Eliade's Consecration of a Place
Texts, Stories, and Histories in Central Australia
Sam D. Gill
Paperback,
Jan 1998
ISBN13: 9780195115888ISBN10: 0195115880
Mircea Eliade's "Consecration
of a Place:
Repetition of the Cosmos"
The
Sacred and the Profane
(New York: Harper & Row, 1957), pp. 32-33.
It must be understood that the cosmicization of unknown territories is
always a consecration; to organize a space is to repeat the paradigmatic work of
the gods. The close connection between cosmicization and consecration is
already documented on the elementary levels of culture--for example, among the
nomadic Australians whose economy is still at the stage of gathering and
small-game hunting. According to the traditions of an Arunta tribe, the
Achilpa, in mythical times the divine being Numbakula cosmicized their future
territory, created their Ancestor, and established their institutions. From the
trunk of a gum tree Numbakula fashioned the sacred pole (
kauwa-auwa)
and, after anointing it with blood, climbed it and disappeared into the sky.

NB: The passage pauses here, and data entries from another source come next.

(* Let $h_0\in C^1([1,\infty),\mathbb{R}^+)$ with $h_0'\ge0$, $t^{-2}h_0(t)\in L^1([1,\infty))$ and $t^{-1}h_0'(t)\in L^1([1,\infty))$. Define $$h(t)=\int_1^\infty (t\vee t_1)^{-1}h_0'(t_1)\,dt_1,\quad N_m(t)=\int_1^t h_0'(t_1)h^m(t_1)\,dt_1,\quad Q_m(t)=\int_1^\infty (t\vee t_1)^{-1}h_0'(t_1)h^m(t_1)\,dt_1,$$ $Q_{-1}=1$, and, when $\int_1^\infty h_0'(t_1)h^{m+1}(t_1)dt_1<\infty$ (condition ( * )$_m$), $P_m(t)=\int_1^\infty h(t\vee t_1)h_0'(t_1)h^m(t_1)\,dt_1$. Let $i,j,m$ be nonnegative integers, $1\le a\le b$ and $t\ge1$. Then: $\int_t^\infty t_1^{-2}N_m(t_1)dt_1=Q_m(t)$; $\int_1^t t_1^{-2}N_0(t_1)N_m(t_1)dt_1=N_{m+1}(t)-h(t)N_m(t)\le N_{m+1}(t)$; $\int_t^\infty t_1^{-2}N_0(t_1)N_m(t_1)dt_1=P_m(t)$ if ( * )$_m$ holds; $N_i(t)N_j(t)\le N_0(t)N_{i+j}(t)$; $N_i(t)Q_j(t)\le h(t)N_{i+j}(t)\le N_{i+j+1}(t)$; $Q_i(t)Q_j(t)\le h(t)Q_{i+j}(t)\le 2Q_{i+j+1}(t)$; $\int_t^\infty h_0'(t_1)h(t_1)Q_{m-1}(t_1)dt_1\le\int_t^\infty h_0'(t_1)Q_m(t_1)dt_1$; $\int_t^\infty h_0'(t_1)Q_m(t_1)dt_1\le P_m(t)$ if ( * )$_m$ holds; $\int_1^t h_0'(t_1)h(t_1)Q_{m-1}(t_1)dt_1\le N_{m+1}(t)$; $\int_1^t h_0'(t_1)Q_m(t_1)dt_1\le N_{m+1}(t)$; $\int_a^b h_0'(t)Q_m(t)dt\le Q_m(a)(h_0(b)-h_0(a))$; $\int_a^b h_0'(t)h(t)Q_{m-1}(t)dt\le 2Q_m(a)(h_0(b)-h_0(a))$.
   Context: $a\vee b=\max(a,b)$. *)

theory Defs
  imports "HOL-Analysis.Analysis"
begin

text \<open>Here d plays the role of the derivative h0' of h0 on [1,oo).
  Integrals over unbounded ranges are nonnegative Lebesgue integrals (values in [0,oo]);
  the auxiliary functions h, Q_m, P_m are the real values of those integrals.\<close>

definition hh :: "(real \<Rightarrow> real) \<Rightarrow> real \<Rightarrow> real" where
  "hh d t = enn2real (\<integral>\<^sup>+ s\<in>{1..}. ennreal (d s / max t s) \<partial>lborel)"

This pole represents a cosmic axis, for it is around the sacred pole that
territory becomes habitable, hence is transformed into a world. The sacred pole
consequently plays an important role ritually. During their wanderings the
Achilpa always carry it with them and choose the direction they are to take by
the direction toward which it bends. This allows them, while being continually
on the move, to be always in "their world" and, at the same time, in
communication with the sky into which Numbakula had vanished.
For the pole to be broken denotes catastrophe; it is like "the end of
the world," reversion to chaos. Spencer and Gillen report that once, when
the pole was broken, the entire clan were in consternation; they wandered about
aimlessly for a time, and finally lay down on the ground together and waited for
death to overtake them. ([Footnote:] B. Spencer and F. Gillen,
The Arunta,
London, 1926, I, p. 388.)
This example admirably illustrates both the cosmological function of the
sacred pole and its soteriological role. For on the one hand the
kauwa-auwa
reproduces the pole that Numbakula used to cosmicize the world, and on the other
the Achilpa believe it to be the means by which they can communicate with the
sky realm. Now, human existence is possible only by virtue of this permanent
communication with the sky. The world of the Achilpa really becomes
their
world only in proportion as it reproduces the cosmos organized and sanctified by
Numbakula. Life is not possible without an opening toward the transcendent; in
other words, human beings cannot live in chaos. Once contact with the
transcendent is lost, existence in the world ceases to be possible--and the
Achilpa let themselves die.
To settle in a territory is, in the last analysis, equivalent to
consecrating it. When settlement is not temporary, as among the nomads, but
permanent, as among sedentary peoples, it implies a vital decision that involves
the existence of the entire community. Establishment in a particular place,
organizing it, inhabiting it, are acts that presuppose an existential
choice--the choice of the universe that one is prepared to assume by "creating"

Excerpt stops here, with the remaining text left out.